Description
This Slow Cooker Creamy Chicken Thighs recipe features tender bone-in chicken thighs cooked to perfection in a rich, creamy sauce infused with sundried tomatoes, garlic, and Parmesan cheese. Slow cooking enhances the flavors and ensures juicy, melt-in-your-mouth chicken ideal for a comforting dinner served over pasta or alongside roasted vegetables.
Ingredients
Units
Scale
Chicken and Seasoning
- 6 bone-in chicken thighs
- 1 teaspoon salt
- 1/2 teaspoon pepper
Cooking Base
- 1 tablespoon butter
- 1 tablespoon oil
- 1/2 onion, chopped
- 1 tablespoon minced garlic
- 1 teaspoon Italian seasoning
- 1/3 cup chopped sundried tomatoes
- 1/2 cup chicken stock
Creamy Sauce
- 1/2 cup heavy cream
- 1/4 cup shredded Parmesan cheese
- Optional: 1 cup fresh spinach
Instructions
- Season the Chicken: Pat the chicken thighs dry and season both sides generously with salt and pepper to enhance flavor.

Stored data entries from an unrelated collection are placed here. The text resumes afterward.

(* Let $R$ be a commutative unital ring, $G$ a group, $(\mathcal B_1,\Phi_1)\subseteq(\mathcal B_2,\Phi_2)$ a partial subaction of $G$ on generalized Boolean algebras with $\Phi_2=(\{\mathcal I_{2,t}\},\{\phi_{2,t}\})$, and $A_2=\mathrm{Lc}(R,\mathcal B_2)\rtimes_{\Phi_2}G$. Suppose $\mathcal B_1$ is an ideal of $\mathcal B_2$ and that for every $U\in\mathcal B_2$ there exist $g_1,\dots,g_n\in G$ and $V_i\in\mathcal I_{2,g_i^{-1}}\cap\mathcal B_1$ with $U\le\bigcup_{i=1}^n\phi_{2,g_i}(V_i)$. Then for every $U\in\mathcal B_2$ there exist an index set $I$, elements $U_i\in\mathcal B_1$ ($i\in I$) and a surjective left $A_2$-module homomorphism $\bigoplus_{i\in I}A_2(U_i\delta_e)\to A_2(U\delta_e)$.
   Context: A generalized Boolean algebra is a distributive relatively complemented lattice with least element $0$; an ideal is a subset closed under finite joins and under meets with arbitrary elements. A partial action $\Phi$ of $G$ on $\mathcal B$: ideals $\mathcal I_t$ and isomorphisms $\phi_t:\mathcal I_{t^{-1}}\to\mathcal I_t$ with $\mathcal I_e=\mathcal B$, $\phi_e=\mathrm{id}$, $\phi_s(\mathcal I_{s^{-1}}\cap\mathcal I_t)=\mathcal I_s\cap\mathcal I_{st}$, $\phi_s\phi_t=\phi_{st}$ where defined. A partial subaction: $\mathcal B_1\subseteq\mathcal B_2$ sub generalized Boolean algebra, $\mathcal I_{1,t}\subseteq\mathcal I_{2,t}$, $\phi_{2,t}$ restricting to $\phi_{1,t}$. $\mathrm{Lc}(R,\mathcal B)$ is the algebra of locally constant compactly supported $R$-valued functions on the Stone space of $\mathcal B$, spanned by idempotents $1_U$; $\mathrm{Lc}(R,\mathcal B)\rtimes_\Phi G=\bigoplus_g\mathrm{Lc}(R,\mathcal I_g)\delta_g$ with $U\delta_g:=1_U\delta_g$ and $(U\delta_g)(V\delta_h)=\phi_g(\phi_{g^{-1}}(U)\cap V)\delta_{gh}$. *)

theory Defs
  imports Main "HOL-Library.Function_Algebras"
begin

text \<open>Generalized Boolean algebras are represented as subsets B of a type 'b carrying a
distributive lattice structure with least element bot; B must contain bot, be closed under
binary joins and meets, and be relatively complemented inside B.\<close>

definition gba :: "'b::{distrib_lattice,order_bot} set \<Rightarrow> bool" where
  "gba B \<longleftrightarrow> bot \<in> B \<and> (\<forall>a\<in>B. \<forall>b\<in>B. sup a b \<in> B \<and> inf a b \<in> B) \<and>
     (\<forall>a\<in>B. \<forall>b\<in>B. a \<le> b \<longrightarrow> (\<exists>c\<in>B. inf a c = bot \<and> sup a c = b))"

definition gba_ideal :: "'b::{distrib_lattice,order_bot} set \<Rightarrow> 'b set \<Rightarrow> bool" where
  "gba_ideal B I \<longleftrightarrow> I \<subseteq> B \<and> bot \<in> I \<and> (\<forall>a\<in>I. \<forall>b\<in>I. sup a b \<in> I) \<and>
     (\<forall>a\<in>I. \<forall>b\<in>B. inf a b \<in> I)"

definition gba_iso :: "'b::{distrib_lattice,order_bot} set \<Rightarrow> 'b set \<Rightarrow> ('b \<Rightarrow> 'b) \<Rightarrow> bool" where
  "gba_iso I J f \<longleftrightarrow> bij_betw f I J \<and>
     (\<forall>a\<in>I. \<forall>b\<in>I. f (sup a b) = sup (f a) (f b) \<and> f (inf a b) = inf (f a) (f b))"

text \<open>Partial action of a group (written additively: e = 0, st = s + t, inverse = -t).\<close>
definition partial_action ::
  "'b::{distrib_lattice,order_bot} set \<Rightarrow> ('g::group_add \<Rightarrow> 'b set) \<Rightarrow> ('g \<Rightarrow> 'b \<Rightarrow> 'b) \<Rightarrow> bool" where
  "partial_action B I \<phi> \<longleftrightarrow> gba B \<and> (\<forall>t. gba_ideal B (I t)) \<and>
     (\<forall>t. gba_iso (I (- t)) (I t) (\<phi> t)) \<and>
     I 0 = B \<and> (\<forall>x\<in>B. \<phi> 0 x = x) \<and>
     (\<forall>s t. \<phi> s ` (I (- s) \<inter> I t) = I s \<inter> I (s + t)) \<and>
     (\<forall>s t. \<forall>x\<in>I (- t). \<phi> t x \<in> I (- s) \<longrightarrow> \<phi> s (\<phi> t x) = \<phi> (s + t) x)"

definition partial_subaction ::
  "'b::{distrib_lattice,order_bot} set \<Rightarrow> ('g::group_add \<Rightarrow> 'b set) \<Rightarrow> ('g \<Rightarrow> 'b \<Rightarrow> 'b) \<Rightarrow>
   'b set \<Rightarrow> ('g \<Rightarrow> 'b set) \<Rightarrow> ('g \<Rightarrow> 'b \<Rightarrow> 'b) \<Rightarrow> bool" where
  "partial_subaction B1 I1 \<phi>1 B2 I2 \<phi>2 \<longleftrightarrow>
     partial_action B1 I1 \<phi>1 \<and> partial_action B2 I2 \<phi>2 \<and> B1 \<subseteq> B2 \<and>
     (\<forall>t. I1 t \<subseteq> I2 t) \<and> (\<forall>t. \<forall>x\<in>I1 (- t). \<phi>2 t x = \<phi>1 t x)"

text \<open>Stone space of B: prime filters of B.\<close>
definition prime_filter :: "'b::{distrib_lattice,order_bot} set \<Rightarrow> 'b set \<Rightarrow> bool" where
  "prime_filter B p \<longleftrightarrow> p \<subseteq> B \<and> p \<noteq> {} \<and> bot \<notin> p \<and>
     (\<forall>a\<in>p. \<forall>b\<in>B. a \<le> b \<longrightarrow> b \<in> p) \<and> (\<forall>a\<in>p. \<forall>b\<in>p. inf a b \<in> p) \<and>
     (\<forall>a\<in>B. \<forall>b\<in>B. sup a b \<in> p \<longrightarrow> a \<in> p \<or> b \<in> p)"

- Brown the Chicken: Heat butter and oil in a skillet over medium-high heat. Place chicken thighs skin side down and cook for 3-4 minutes until the skin is golden. Flip and cook for an additional 1 minute. Remove chicken from the skillet.
- Prepare the Slow Cooker: Transfer the browned chicken thighs to the slow cooker.
- Sauté Aromatics: In the same skillet, sauté chopped onion and minced garlic in the leftover oil and butter for 3-4 minutes until softened and fragrant.
- Deglaze the Skillet: Pour chicken stock into the skillet to deglaze, scraping up the caramelized bits stuck to the bottom to incorporate more flavor.
- Add Ingredients to Slow Cooker: Pour the onion and garlic mixture along with chopped sundried tomatoes and Italian seasoning into the slow cooker, mixing gently with the chicken.
- Slow Cook the Chicken: Cover and cook on high for 4 hours or on low for 7 hours until the chicken is tender and cooked through.
- Optional Crisping: Remove chicken thighs from the slow cooker. To achieve crispy skin, place them under a preheated broiler at 200°C for 2-3 minutes.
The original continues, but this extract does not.